La question est lancée à la cantonade, les réponses lui parviennent en désordre : elle a été vue lisant près du feu, ses amis Kyr et Piotr ont joué aux coquilles avec elle ce matin mais ne l’ont pas recroisée ensuite, Asgeir pensait qu’elle se trouvait justement avec Azar, quelqu’un d’autre l’a vue se promener près des rennes… Bref, personne ne l’a aperçue depuis un moment.

Rien d’anormal, se dit Azar. En été, quand l’auberge se vide, Endrin tourne en rond et regrette l’absence des rassemblés, mais dès que la période du rassemblement commence, elle se fait une spécialité de partir en vadrouille sans prévenir.

Emmitouflé dans une pelisse, Azar gagne le dehors en compagnie des jeunes du Saumon et du Sabot qui se dispersent en direction des différentes caches et des remises à bois. L’aubergiste, en bon sédentaire, peste contre l’air piquant, la clarté grise du ciel et la terre qui s’accroche à ses bottes. Le souffle court, il fait le tour de la clairière, vérifiant les trappes qui dissimulent l’entrée des caches. Dans ces boyaux longs de vingt pas, aux parois consolidées par des poutres formant des étagères, s’entassent poissons fumés, fruits secs, farine de noix, tubercules en conserve, lamelles de viande séchée, toutes les denrées qui leur permettront de passer l’hiver à condition qu’aucun animal ou champignon ne s’introduise dedans. Il voudrait vérifier chaque jarre, la fermeture de chaque pot, chaque séchoir à poissons. Mais ce n’est pas raisonnable. Et après tout, il a prévu une marge en cas de perte dans ses calculs.

Quand il s’extirpe de la troisième cache la plus proche de la forêt, il devine aux froissements des buissons et aux éclats de voix qu’un clan est en train d’arriver. C’est l’Étrier ; les rennes qui l’accompagnent, les plus conciliants du moins, transportent des paniers de minerais qui sera travaillé à la forge. Azar se hâte en lisière du bois pour les intercepter.

« Qui va là ? » tonne-t-il en contrefaisant sa voix.

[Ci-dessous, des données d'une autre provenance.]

definition factor_map :: "('g, 'b) monoid_scheme \<Rightarrow> 'x topology \<Rightarrow> ('g \<Rightarrow> 'x \<Rightarrow> 'x)
                          \<Rightarrow> 'y topology \<Rightarrow> ('g \<Rightarrow> 'y \<Rightarrow> 'y) \<Rightarrow> ('x \<Rightarrow> 'y) \<Rightarrow> bool" where
  "factor_map G X \<alpha> Y \<beta> \<pi> \<longleftrightarrow>
     continuous_map X Y \<pi> \<and> \<pi> ` topspace X = topspace Y \<and>
     (\<forall>g\<in>carrier G. \<forall>x\<in>topspace X. \<pi> (\<alpha> g x) = \<beta> g (\<pi> x))"

text \<open>Every G-boundary is a factor of beta G, hence is isomorphic to a
  G-boundary whose points are sets of ultrafilters on G, i.e. live in type 'g set set set;
  quantifying over those boundaries therefore covers all G-boundaries up to isomorphism.\<close>
definition furstenberg_boundary :: "('g, 'b) monoid_scheme \<Rightarrow> 'x topology \<Rightarrow> ('g \<Rightarrow> 'x \<Rightarrow> 'x) \<Rightarrow> bool" where
  "furstenberg_boundary G X \<alpha> \<longleftrightarrow>
     gboundary G X \<alpha> \<and>
     (\<forall>(Y :: 'g set set set topology) \<beta>. gboundary G Y \<beta> \<longrightarrow> (\<exists>\<pi>. factor_map G X \<alpha> Y \<beta> \<pi>))"

definition rlinf :: "('g, 'b) monoid_scheme \<Rightarrow> ('g \<Rightarrow> real) set" where
  "rlinf G = {f. (\<exists>B. \<forall>t\<in>carrier G. \<bar>f t\<bar> \<le> B) \<and> (\<forall>t. t \<notin> carrier G \<longrightarrow> f t = 0)}"

definition amenable :: "('g, 'b) monoid_scheme \<Rightarrow> bool" where
  "amenable G \<longleftrightarrow> (\<exists>m :: ('g \<Rightarrow> real) \<Rightarrow> real.
     (\<forall>f\<in>rlinf G. \<forall>h\<in>rlinf G. \<forall>a b. m (\<lambda>t. a * f t + b * h t) = a * m f + b * m h) \<and>
     (\<forall>f\<in>rlinf G. (\<forall>t. f t \<ge> 0) \<longrightarrow> m f \<ge> 0) \<and>
     m (\<lambda>t. if t \<in> carrier G then 1 else 0) = 1 \<and>
     (\<forall>g\<in>carrier G. \<forall>f\<in>rlinf G. m (ltrans G g f) = m f))"

definition upie_embedding :: "('g, 'b) monoid_scheme \<Rightarrow> 'x topology \<Rightarrow> ('g \<Rightarrow> 'x \<Rightarrow> 'x)
                               \<Rightarrow> (('x \<Rightarrow> complex) \<Rightarrow> ('g \<Rightarrow> complex)) \<Rightarrow> bool" where
  "upie_embedding G X \<alpha> \<iota> \<longleftrightarrow>
     \<iota> ` Cfun X \<subseteq> linf G \<and>
     (\<forall>f\<in>Cfun X. \<forall>h\<in>Cfun X. \<forall>a b. \<iota> (\<lambda>x. a * f x + b * h x) = (\<lambda>t. a * \<iota> f t + b * \<iota> h t)) \<and>
     \<iota> (oneX X) = oneG G \<and>
     (\<forall>f\<in>Cfun X. (\<forall>x. cpos (f x)) \<longrightarrow> (\<forall>t. cpos (\<iota> f t))) \<and>
     (\<forall>f\<in>Cfun X. supn (carrier G) (\<iota> f) = supn (topspace X) f) \<and>
     (\<forall>g\<in>carrier G. \<forall>f\<in>Cfun X. \<iota> (ctrans G X \<alpha> g f) = ltrans G g (\<iota> f))"

end

theory Submission
  imports Defs
begin

text \<open>
  Let \<iota> embed C(X) into ell-infinity(G), where X is a G-boundary.  Call a point
  y of X approximable if evaluation at y is a weak* limit of the states h \<mapsto> \<iota> h s, s \<in> G.
  Strong proximality, applied to the state h \<mapsto> \<iota> h 1, produces one approximable point; the
  approximable points form a closed G-invariant set, so by minimality every point is
  approximable.  If \<iota> f lies in c_0(G) and f x \<noteq> 0, the finitely many s where \<iota> f is large
  force evaluation at x to be attained exactly: \<iota> h s = h x for one s and all h.  By
  equivariance \<iota> f (g s) = f (g x), so only finitely many g move x into the open set where
  |f| > |f x|/2.  Minimality then makes x, hence every point, isolated; compactness makes X
  finite, and counting the fibres of g \<mapsto> g x makes G finite.  Finite groups are amenable,
  so for non-amenable G the only element of \<iota>(C(X)) \<inter> c_0(G) is 0.
\<close>

section \<open>Group actions and the induced action on C(X)\<close>

lemma gspace_in_topspace:
  assumes "gspace G X \<alpha>" "g \<in> carrier G" "x \<in> topspace X"
  shows "\<alpha> g x \<in> topspace X"
  using assms continuous_map_image_subset_topspace unfolding gspace_def by blast

lemma gspace_inv_cancel:
  assumes "group G" "gspace G X \<alpha>" "g \<in> carrier G" "z \<in> topspace X"
  shows "\<alpha> (inv\<^bsub>G\<^esub> g) (\<alpha> g z) = z"
proof -
  have "\<alpha> (inv\<^bsub>G\<^esub> g) (\<alpha> g z) = \<alpha> (inv\<^bsub>G\<^esub> g \<otimes>\<^bsub>G\<^esub> g) z"
    using assms unfolding gspace_def by (simp add: group.inv_closed)
  also have "\<dots> = z" using assms unfolding gspace_def by (simp add: group.l_inv)
  finally show ?thesis .
qed

lemma ctrans_inv_eq:
  assumes "group G" "g \<in> carrier G"
  shows "ctrans G X \<alpha> (inv\<^bsub>G\<^esub> g) f = (\<lambda>y. if y \<in> topspace X then f (\<alpha> g y) else 0)"
  unfolding ctrans_def group.inv_inv[OF assms] ..

lemma ctrans_Cfun:
  assumes "group G" "gspace G X \<alpha>" "g \<in> carrier G" "f \<in> Cfun X"
  shows "ctrans G X \<alpha> g f \<in> Cfun X"
proof -
  have "continuous_map X X (\<alpha> (inv\<^bsub>G\<^esub> g))"
    using assms unfolding gspace_def by (simp add: group.inv_closed)
  moreover have "continuous_map X euclidean f" using assms(4) unfolding Cfun_def by auto
  ultimately have "continuous_map X euclidean (f \<circ> \<alpha> (inv\<^bsub>G\<^esub> g))"
    by (rule continuous_map_compose)
  then have "continuous_map X euclidean (ctrans G X \<alpha> g f)"
    by (rule continuous_map_eq) (simp add: ctrans_def)
  then show ?thesis unfolding Cfun_def ctrans_def by auto
qed

lemma upie_linear:
  assumes "upie_embedding G X \<alpha> \<iota>" "f \<in> Cfun X" "h \<in> Cfun X"
  shows "\<iota> (\<lambda>x. a * f x + b * h x) = (\<lambda>t. a * \<iota> f t + b * \<iota> h t)"
  using assms unfolding upie_embedding_def by blast

lemma upie_zero: "upie_embedding G X \<alpha> \<iota> \<Longrightarrow> \<iota> (\<lambda>x. 0) = (\<lambda>t. 0)"
  using upie_linear[of G X \<alpha> \<iota> "\<lambda>x. 0" "\<lambda>x. 0" 0 0] by (simp add: Cfun_def)

lemma upie_unit: "upie_embedding G X \<alpha> \<iota> \<Longrightarrow> \<iota> (oneX X) = oneG G"
  unfolding upie_embedding_def by blast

Des rires s’élèvent tandis qu’il se rapproche du convoi en ahanant. Une voix narquoise lance de derrière les arbres : « ’Paraît que l’auberge du coin sert un ragoût pas trop mal, même si le tenancier est un peu allumé.

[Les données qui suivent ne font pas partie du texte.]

(*
  For a set A of positive measure, ergodicity makes almost every orbit visit A, so the
  measure of the set avoiding A m of points whose orbit misses A up to time m decreases
  to 0, and it drops by at most m(A) per time step. Nonatomicity provides sets A_i so
  small, and a starting time k_i, that m(avoiding A_i (k_i + n)) stays in
  [2 q_i, 4 q_i] (q_i = 2^-(i+2)) for all n up to the time after which eps_n <= q_i.
  The target B_n is the union of the images T^n(avoiding A_i (k_i + n)): it decreases
  in n and has measure at least eps_n. If T^n x lies in B_n then the orbit of x avoids
  some A_i up to time k_i + n; by Borel-Cantelli (the measures of avoiding A_i k_i are
  summable) only finitely many i occur for almost every x, and each A_i is eventually
  hit, which bounds n. Since m(B_n) = m(T^-n B_n), such invisibility also forces
  m(B_n) -> 0.
*)

lemma mpt_funpow:
  assumes "mpt M T"
  shows "mpt M (T ^^ n)"
proof (induction n)
  case 0
  then show ?case by (simp add: mpt_def id_def)
next
  case (Suc n)
  have T: "T \<in> M \<rightarrow>\<^sub>M M" "distr M M T = M" using assms unfolding mpt_def by auto
  have Tn: "T ^^ n \<in> M \<rightarrow>\<^sub>M M" "distr M M (T ^^ n) = M" using Suc unfolding mpt_def by auto
  have "distr M M (T ^^ Suc n) = distr (distr M M (T ^^ n)) M T"
    using distr_distr[OF T(1) Tn(1)] by simp
  then show ?case using T Tn measurable_compose_n[OF T(1)] by (simp add: mpt_def comp_def)
qed

lemma mpt_measure_preimage:
  assumes "mpt M T" "A \<in> sets M"
  shows "measure M (T -` A \<inter> space M) = measure M A"
  using assms measure_distr[of T M M A] unfolding mpt_def by simp

lemma mpt_sets_preimage:
  assumes "mpt M T" "A \<in> sets M"
  shows "T -` A \<inter> space M \<in> sets M"
  using assms measurable_sets unfolding mpt_def by blast

lemma invertible_mpt_image:
  assumes inv: "invertible_mpt M T" and C: "C \<in> sets M"
  shows "T ` C \<in> sets M" and "measure M (T ` C) = measure M C"
proof -
  define S where "S = the_inv_into (space M) T"
  have bij: "bij_betw T (space M) (space M)" and S: "mpt M S"
    using inv unfolding invertible_mpt_def S_def by auto
  have inj: "inj_on T (space M)" using bij by (rule bij_betw_imp_inj_on)
  have C_space: "C \<subseteq> space M" using C by (rule sets.sets_into_space)
  have "T ` C = S -` C \<inter> space M"
  proof (intro equalityI subsetI)
    fix y assume "y \<in> T ` C"
    then obtain c where "c \<in> C" "y = T c" by blast
    then show "y \<in> S -` C \<inter> space M"
      using C_space inj bij by (auto simp: S_def the_inv_into_f_f bij_betw_def)
  next
    fix y assume y: "y \<in> S -` C \<inter> space M"
    then have "y = T (S y)"
      using inj bij by (simp add: S_def f_the_inv_into_f bij_betw_def)
    then show "y \<in> T ` C" using y by blast
  qed
  then show "T ` C \<in> sets M" and "measure M (T ` C) = measure M C"
    using mpt_sets_preimage[OF S C] mpt_measure_preimage[OF S C] by simp_all
qed

lemma invertible_mpt_image_funpow:
  assumes "invertible_mpt M T" "C \<in> sets M"
  shows "(T ^^ n) ` C \<in> sets M \<and> measure M ((T ^^ n) ` C) = measure M C"
proof (induction n)
  case 0
  then show ?case using assms by simp
next
  case (Suc n)
  then show ?case
    using invertible_mpt_image[OF assms(1), of "(T ^^ n) ` C"] by (simp add: image_comp)
qed

lemma (in finite_measure) measure_tendsto_0_if_AE_finitely_often:
  assumes A: "\<And>n. A n \<in> sets M" and fin: "AE x in M. finite {n. x \<in> A n}"
  shows "(\<lambda>n. measure M (A n)) \<longlonglongrightarrow> 0"
proof -
  define R where "R n = (\<Union>m\<in>{n..}. A m)" for n
  have R: "R n \<in> sets M" for n using A by (auto simp: R_def)
  have "(\<lambda>n. measure M (R n)) \<longlonglongrightarrow> measure M (\<Inter>n. R n)"
    using R by (intro finite_Lim_measure_decseq) (auto simp: R_def decseq_def intro: order_trans)
  moreover have "AE x in M. x \<notin> (\<Inter>n. R n)"
    using fin
  proof eventually_elim
    case (elim x)
    then obtain k where "{n. x \<in> A n} \<subseteq> {..<k}" using finite_nat_bounded by blast
    then have "x \<notin> R k" by (auto simp: R_def)
    then show ?case by blast
  qed
  then have "(\<Inter>n. R n) \<in> null_sets M"
    using R by (subst AE_iff_null_sets) auto
  then have "measure M (\<Inter>n. R n) = 0" by (auto simp: measure_def)
  ultimately have R0: "(\<lambda>n. measure M (R n)) \<longlonglongrightarrow> 0" by simp
  have "measure M (A n) \<le> measure M (R n)" for n
    using R by (intro finite_measure_mono) (auto simp: R_def)
  then show ?thesis
    by (intro tendsto_sandwich[OF _ _ tendsto_const R0]) auto
qed

lemma (in finite_measure) invisible_target_measure_tendsto_0:
  assumes T: "mpt M T" and B: "\<And>n. B n \<in> sets M"
    and fin: "AE x in M. finite {n. (T ^^ n) x \<in> B n}"
  shows "(\<lambda>n. measure M (B n)) \<longlonglongrightarrow> 0"
proof -
  have "(\<lambda>n. measure M ((T ^^ n) -` B n \<inter> space M)) \<longlonglongrightarrow> 0"
    using fin by (intro measure_tendsto_0_if_AE_finitely_often mpt_sets_preimage[OF mpt_funpow[OF T] B])
      (auto elim!: eventually_mono finite_subset[rotated])
  then show ?thesis using mpt_measure_preimage[OF mpt_funpow[OF T] B] by simp
qed

lemma (in prob_space) nonatomic_exists_small_set:
  assumes na: "nonatomic M" and d: "0 < d"
  shows "\<exists>A\<in>sets M. 0 < measure M A \<and> measure M A \<le> d"
proof -
  have halving: "\<exists>A\<in>sets M. 0 < measure M A \<and> measure M A \<le> (1/2) ^ k" for k
  proof (induction k)
    case 0
    show ?case by (intro bexI[of _ "space M"]) (auto simp: prob_space)
  next
    case (Suc k)
    then obtain A where A: "A \<in> sets M" "0 < measure M A" "measure M A \<le> (1/2) ^ k" by auto
    then have "0 < emeasure M A" by (simp add: emeasure_eq_measure)
    then obtain B where B: "B \<in> sets M" "B \<subseteq> A" "0 < emeasure M B" "emeasure M B < emeasure M A"
      using na A(1) unfolding nonatomic_def by blast
    then have B': "0 < measure M B" "measure M B < measure M A"
      by (simp_all add: emeasure_eq_measure ennreal_less_iff)
    have "measure M (A - B) = measure M A - measure M B"
      using A(1) B(1,2) by (rule finite_measure_Diff)
    have "A - B \<in> sets M" using A(1) B(1) by blast
    show ?case
    proof (cases "measure M B \<le> measure M A / 2")
      case True
      then show ?thesis using A(3) B(1) B'(1) by (intro bexI[of _ B]) auto
    next
      case False
      with A(3) B'(2) have "0 < measure M (A - B) \<and> measure M (A - B) \<le> (1/2) ^ Suc k"
        unfolding \<open>measure M (A - B) = _\<close> by simp
      then show ?thesis using \<open>A - B \<in> sets M\<close> by blast
    qed
  qed
  obtain k where k: "(1/2::real) ^ k < d"
    using real_arch_pow_inv[OF d, of "1/2"] by auto
  obtain A where "A \<in> sets M" "0 < measure M A" "measure M A \<le> (1/2) ^ k"
    using halving by blast
  then show ?thesis using k by (intro bexI[of _ A]) auto
qed

lemma exists_dyadic_bracket:
  fixes e :: real
  assumes "0 < e" "e \<le> 1"
  shows "\<exists>i. (1/2) ^ Suc i < e \<and> e \<le> (1/2) ^ i"
proof -
  obtain j where "(1/2::real) ^ j < e" using real_arch_pow_inv[OF assms(1), of "1/2"] by auto
  define i where "i = (LEAST i. (1/2::real) ^ i < e)"
  have i: "(1/2::real) ^ i < e" unfolding i_def by (rule LeastI) fact
  then obtain i' where i': "i = Suc i'" using assms(2) by (cases i) auto
  have "\<not> (1/2::real) ^ i' < e"
    using not_less_Least[of i' "\<lambda>i. (1/2::real) ^ i < e"] i' i_def by simp
  then show ?thesis using i i' by (intro exI[of _ i']) simp
qed

locale ergodic_mps = prob_space M for M :: "'a measure" and T :: "'a \<Rightarrow> 'a" +
  assumes mpt: "mpt M T" and ergodic: "ergodic M T"
begin

lemma measurable_funpow: "T ^^ n \<in> M \<rightarrow>\<^sub>M M"
  using mpt_funpow[OF mpt] unfolding mpt_def by blast

lemma measurable_T: "T \<in> M \<rightarrow>\<^sub>M M"
  using mpt unfolding mpt_def by blast

lemma T_in_space: "x \<in> space M \<Longrightarrow> T x \<in> space M"
  using measurable_space[OF measurable_T] .

lemma funpow_in_space: "x \<in> space M \<Longrightarrow> (T ^^ n) x \<in> space M"
  using measurable_space[OF measurable_funpow] .

definition visits_after :: "'a set \<Rightarrow> nat \<Rightarrow> 'a set" where
  "visits_after A m = {x \<in> space M. \<exists>j. (T ^^ (j + m)) x \<in> A}"

lemma sets_visits_after: "A \<in> sets M \<Longrightarrow> visits_after A m \<in> sets M"
proof -
  assume A: "A \<in> sets M"
  have "visits_after A m = (\<Union>j. (T ^^ (j + m)) -` A \<inter> space M)"
    by (auto simp: visits_after_def)
  moreover have "(\<Union>j. (T ^^ (j + m)) -` A \<inter> space M) \<in> sets M"
    using mpt_sets_preimage[OF mpt_funpow[OF mpt] A] by blast
  ultimately show ?thesis by simp
qed

lemma visits_after_Suc_subset: "visits_after A (Suc m) \<subseteq> visits_after A m"
proof
  fix x assume "x \<in> visits_after A (Suc m)"
  then obtain j where x: "x \<in> space M" "(T ^^ (j + Suc m)) x \<in> A"
    unfolding visits_after_def by blast
  then have "(T ^^ (Suc j + m)) x \<in> A" by simp
  with x(1) show "x \<in> visits_after A m" unfolding visits_after_def by blast
qed

lemma T_in_visits_after_iff:
  "x \<in> space M \<Longrightarrow> T x \<in> visits_after A m \<longleftrightarrow> x \<in> visits_after A (Suc m)"
  using T_in_space by (simp add: visits_after_def funpow_Suc_right del: funpow.simps)

lemma measure_visits_after:
  assumes "A \<in> sets M"
  shows "measure M (visits_after A m) = measure M (visits_after A 0)"
proof -
  have "visits_after A m = (T ^^ m) -` visits_after A 0 \<inter> space M"
    using funpow_in_space by (auto simp: visits_after_def funpow_add)
  then show ?thesis
    using mpt_measure_preimage[OF mpt_funpow[OF mpt] sets_visits_after[OF assms]] by simp
qed

lemma AE_recurrent:
  assumes A: "A \<in> sets M" and pos: "0 < measure M A"
  shows "AE x in M. \<forall>m. \<exists>j\<ge>m. (T ^^ j) x \<in> A"
proof -
  let ?V = "visits_after A"
  define U where "U = (\<Inter>m. ?V m)"
  have U_sets: "U \<in> sets M" using sets_visits_after[OF A] by (auto simp: U_def)
  have "(\<lambda>m. measure M (?V m)) \<longlonglongrightarrow> measure M U"
    unfolding U_def using sets_visits_after[OF A] visits_after_Suc_subset
    by (intro finite_Lim_measure_decseq) (auto simp: decseq_Suc_iff)
  moreover have "(\<lambda>m. measure M (?V m)) = (\<lambda>m. measure M (?V 0))"
    using measure_visits_after[OF A] by (rule ext)
  ultimately have "measure M U = measure M (?V 0)"
    by (auto intro: LIMSEQ_unique[OF _ tendsto_const])
  moreover have "A \<subseteq> ?V 0"
  proof
    fix x assume "x \<in> A"
    then have "x \<in> space M" "(T ^^ (0 + 0)) x \<in> A" using sets.sets_into_space[OF A] by auto
    then show "x \<in> ?V 0" unfolding visits_after_def by blast
  qed
  then have "measure M A \<le> measure M (?V 0)"
    by (rule finite_measure_mono[OF _ sets_visits_after[OF A]])
  ultimately have U_pos: "0 < measure M U" using pos by linarith
  have "T -` U \<inter> space M = U"
  proof (intro equalityI subsetI)
    fix x assume "x \<in> T -` U \<inter> space M"
    then have "x \<in> ?V (Suc m)" for m
      using T_in_visits_after_iff[of x A m] by (auto simp: U_def)
    then show "x \<in> U" using visits_after_Suc_subset unfolding U_def by blast
  next
    fix x assume x: "x \<in> U"
    then have "x \<in> space M" by (auto simp: U_def visits_after_def)
    moreover have "T x \<in> ?V m" for m
      using x T_in_visits_after_iff[OF \<open>x \<in> space M\<close>] by (auto simp: U_def)
    ultimately show "x \<in> T -` U \<inter> space M" by (auto simp: U_def)
  qed
  then have "measure M U = 0 \<or> measure M U = 1"
    using ergodic U_sets unfolding ergodic_def by simp
  then have "AE x in M. x \<in> U" using U_pos AE_in_set_eq_1[OF U_sets] by simp
  then show ?thesis
  proof eventually_elim
    case (elim x)
    show ?case
    proof
      fix m
      obtain j where "(T ^^ (j + m)) x \<in> A" using elim by (auto simp: U_def visits_after_def)
      then show "\<exists>j\<ge>m. (T ^^ j) x \<in> A" by (intro exI[of _ "j + m"]) simp
    qed
  qed
qed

– Redis-moi ça en face si tu l’oses, Frey ! »

Azar débouche enfin à l’endroit où les sapins s’espacent et toise les cavaliers de tête. L’un d’eux met pied à terre pour se planter devant l’aubergiste, bras croisés et menton haut. Azar adopte aussitôt une posture crâne, ventre en avant et poings courroucés sur les hanches. Ils échangent quelques politesses de leur cru jusqu’à ce qu’une pique plus tranchante que les autres mette fin à la joute avec l’éclat de rire de Frey de l’Étrier, qui s’avance pour donner l’accolade à son hôte, imité par le reste du clan.

« Où est ta sœur, grand vaurien ? Et tes vieux ?

– Mon père dans son chariot, ma mère et Ull en arrière-garde.

– Vigrid à l’arrière ? Vous cherchez à la rendre plus folle qu’elle n’est ? Je parie qu’elle a passé tout le voyage à vous hurler d’avancer plus vite. »

Les gens de l’Étrier rient et la remarque est répétée jusqu’en bout de convoi, parvenant aux oreilles de Vigrid dont la réaction ne se fait pas attendre : « Que cet aubergiste monte seulement sur un renne et on verra qui rira ! »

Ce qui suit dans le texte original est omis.